Not surprisingly, the simulation shows that, as a site adapts, an average user is likelier to find the desired information, and find it sooner. Less intuitively, investigation of the role of user tolerance highlighted the importance of relatively tolerant users, who are more likely to reach and thereby reinforce potentially popular documents not highly ranked initially.

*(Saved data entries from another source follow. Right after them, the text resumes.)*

(* Let $k\neq 0$, $a$, $b$ be real numbers and let $\{S^{(a,b)}_{k,n}\}_{n\ge 0}$ be the generalized $k$-FL sequence. (a) For an odd integer $n\ge 1$, the matrix $A^{(k,a,b)}_n$ is invertible if and only if $S^{(a,b)}_{k,n+1}-S^{(a,b)}_{k,n}\neq -bk+2b-a$. (b) For an even integer $n\ge 2$, the matrix $B^{(k,a,b)}_n$ is invertible if and only if $S^{(a,b)}_{k,n+1}-S^{(a,b)}_{k,n}\neq bk-2b+a$ and $S^{(a,b)}_{k,n+1}+S^{(a,b)}_{k,n}\neq bk+2b+a$.
   Context: For real numbers $k,a,b$, the generalized $k$-FL sequence $\{S^{(a,b)}_{k,n}\}_{n\ge0}$ is defined by $S^{(a,b)}_{k,0}=2b$, $S^{(a,b)}_{k,1}=bk+a$, and $S^{(a,b)}_{k,n}=k\,S^{(a,b)}_{k,n-1}+S^{(a,b)}_{k,n-2}$ for $n\ge2$. For $n\ge1$, $A^{(k,a,b)}_n$ is the $n\times n$ real skew circulant matrix with first row $(S^{(a,b)}_{k,1},\dots,S^{(a,b)}_{k,n})$, i.e. its $(i,j)$ entry is $S^{(a,b)}_{k,j-i+1}$ if $j\ge i$ and $-S^{(a,b)}_{k,n+j-i+1}$ if $j<i$. $B^{(k,a,b)}_n$ is the $n\times n$ circulant matrix whose $(i,j)$ entry is $S^{(a,b)}_{k,j-i+1}$ if $j\ge i$ and $S^{(a,b)}_{k,n+j-i+1}$ if $j<i$. *)

theory Defs
  imports "Jordan_Normal_Form.Matrix"
begin

fun FL :: "real \<Rightarrow> real \<Rightarrow> real \<Rightarrow> nat \<Rightarrow> real" where
  "FL k a b 0 = 2 * b"
| "FL k a b (Suc 0) = b * k + a"
| "FL k a b (Suc (Suc n)) = k * FL k a b (Suc n) + FL k a b n"

definition skewcircA :: "real \<Rightarrow> real \<Rightarrow> real \<Rightarrow> nat \<Rightarrow> real mat" where
  "skewcircA k a b n = mat n n (\<lambda>(i, j).
     if i \<le> j then FL k a b (j - i + 1) else - FL k a b (n + j - i + 1))"

definition circB :: "real \<Rightarrow> real \<Rightarrow> real \<Rightarrow> nat \<Rightarrow> real mat" where
  "circB k a b n = mat n n (\<lambda>(i, j).
     if i \<le> j then FL k a b (j - i + 1) else FL k a b (n + j - i + 1))"

end

theory Submission
  imports Defs "Jordan_Normal_Form.Determinant"
begin

text \<open>Let P be the cyclic shift twisted by e (e = -1 for A_n, e = 1 for B_n), so P^n = e.
  Both matrices are G = \<Sum>_j S_(j+1) P^j, and the recurrence of the sequence collapses
  G (P^2 + k P - 1) to c0 + c1 P with c0 = e S_(n+1) - S_1 and c1 = e S_n - 2b.
  Factor P^2 + k P - 1 = (P - r1)(P - r2) with r1 r2 = -1. The matrix P - r is singular exactly
  when r^n = e, which for |e| = 1 forces r = 1 or r = -1; neither is a root of x^2 + k x - 1
  when k \<noteq> 0. Hence G is singular iff c0 + c1 P is, i.e. iff c0 = c1 = 0 or (-c0/c1)^n = e,
  and the parity of n turns this into the stated conditions.\<close>

lemma invertible_mat_iff_det_nonzero:
  fixes A :: "'a :: field mat"
  assumes A: "A \<in> carrier_mat n n"
  shows "invertible_mat A \<longleftrightarrow> det A \<noteq> 0"
proof -
  have units: "A \<in> Units (ring_mat TYPE('a) n ()) \<longleftrightarrow>
      (\<exists>B \<in> carrier_mat n n. B * A = 1\<^sub>m n \<and> A * B = 1\<^sub>m n)"
    using A by (simp add: Units_def ring_mat_def)
  have "invertible_mat A \<longleftrightarrow> (\<exists>B \<in> carrier_mat n n. B * A = 1\<^sub>m n \<and> A * B = 1\<^sub>m n)"
  proof
    assume "invertible_mat A"
    then obtain B where AB: "A * B = 1\<^sub>m n" and BA: "B * A = 1\<^sub>m (dim_row B)"
      using A unfolding invertible_mat_def inverts_mat_def by auto
    have "B \<in> carrier_mat n n"
      using arg_cong[OF AB, of dim_col] arg_cong[OF BA, of dim_col] A by auto
    with AB BA show "\<exists>B \<in> carrier_mat n n. B * A = 1\<^sub>m n \<and> A * B = 1\<^sub>m n" by auto
  next
    assume "\<exists>B \<in> carrier_mat n n. B * A = 1\<^sub>m n \<and> A * B = 1\<^sub>m n"
    with A show "invertible_mat A"
      unfolding invertible_mat_def inverts_mat_def by auto
  qed
  also have "\<dots> \<longleftrightarrow> det A \<noteq> 0"
    using unit_imp_det_non_zero[of A n "()"] det_non_zero_imp_unit[OF A, of "()"] units by blast
  finally show ?thesis .
qed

We also found more rapid adaptation with stronger non-uniformity of user interest.

Addressing the second question, we found that the degree to which the simulated navigation-induced similarity matrix matches the assumed underlying document similarity matrix depends on the model parameters for the degree of focus of users, their methodical vs. random selection style, and their relative propensities to browse or search. The effect of searching, which reduces the length and increases the relevance of the document list that a user faces, is similar to having more patient users with lower drop-off rates. The navigation-induced similarity reflects fairly well the actual similarity, representing both topic and subtopic structure. The same was found for the actual, working USGovt site.

5. DISCUSSION AND CONCLUSIONS

We found user behavior to be similar on web search engine page and ACO site search pages; except where architectural differences increase the effectiveness of the ACO approach. Even with the changes in visitation experienced between the two dates, the summary statistics reported remain fairly consistent. Despite the difference in the nature of the web sites (corporate sites using the RightNow application vs. a full web search engine), the number of searches performed in a search session, 2.7, was similar to those reported in [4]. For both types of sites, the drop-off in results pages viewed was roughly exponential, though decreasing more rapidly for the ACO sites than for the web search engine. Additional effects of web spiders and unusual spikes in usage within a single site will be discussed in the poster.

Simulated users were consistent with observed behavior in terms of numbers of documents viewed. However, we found that page drop-off rates as high as those observed provide severe difficulties for a simplistic popularity algorithm, because few users reach later pages. Usage of search effectively increases users' patience. Still, a more adaptive approach seems indicated, perhaps via page-dependent normalization. Strategies such as placing new items on the first page where they can be assessed by most users, may also be necessary. A similar issue was discussed in [1].

A major feature of the RightNow system is that it does not require an initial search before presenting an ordered list of documents. The relatively low percentage of sessions containing searches, about 20%, suggests that it is not necessary to enter a search query to have a successful experience with the site. This is also supported by independent user surveys.

6. REFERENCES

[1] Cho, J., and Roy, S. Impact of Search Engines on Page Popularity. In Proceedings of the World-Wide Web Conference (WWW 2004), pp. 20-29.

[2] Dorigo, M., Di Caro, G., and Gambardella, L. M. Ant algorithms for discrete optimization. Artificial Life, 5(2), 1999, pp. 137-172.

[3] Durbin, S., Warner, D., Richter, J. N., and Gedeon, Z, Information Self-Service with a Knowledge Base That Learns, AI Magazine, 23(4), 2002, pp. 41-49.

[4] Jansen, B. J., and Spink, A, An Analysis of Web Documents Retrieved and Viewed, Proceedings of the International Conference on Internet Computing, IC '03, Arabnia, H.R., and Mun, Y., Eds., 2003, pp. 65-69.

[5] Koutri, M., Avouris, N., and Daskalaki, S, A survey of web usage mining techniques for building web-based adaptive hypermedia systems, Adaptable and Adaptive Hypermedia Systems, Chen, S. Y., and Magoulas, G. D., Eds, IRM Press, Hershey, PA, 2005, pp. 125-149.

[6] Perkowitz, M., and Etzioni, O, Adaptive Web sites: An AI challenge, Proc. Fifteenth International Joint Conference on Artificial Intelligence, IJCAI 97, 1997, pp. 16-23.

[7] Perkowitz, M., and Etzioni, O, Towards adaptive Web sites: Conceptual framework and case study, Artificial Intelligence, 118(1-2), 2000, pp. 245-275.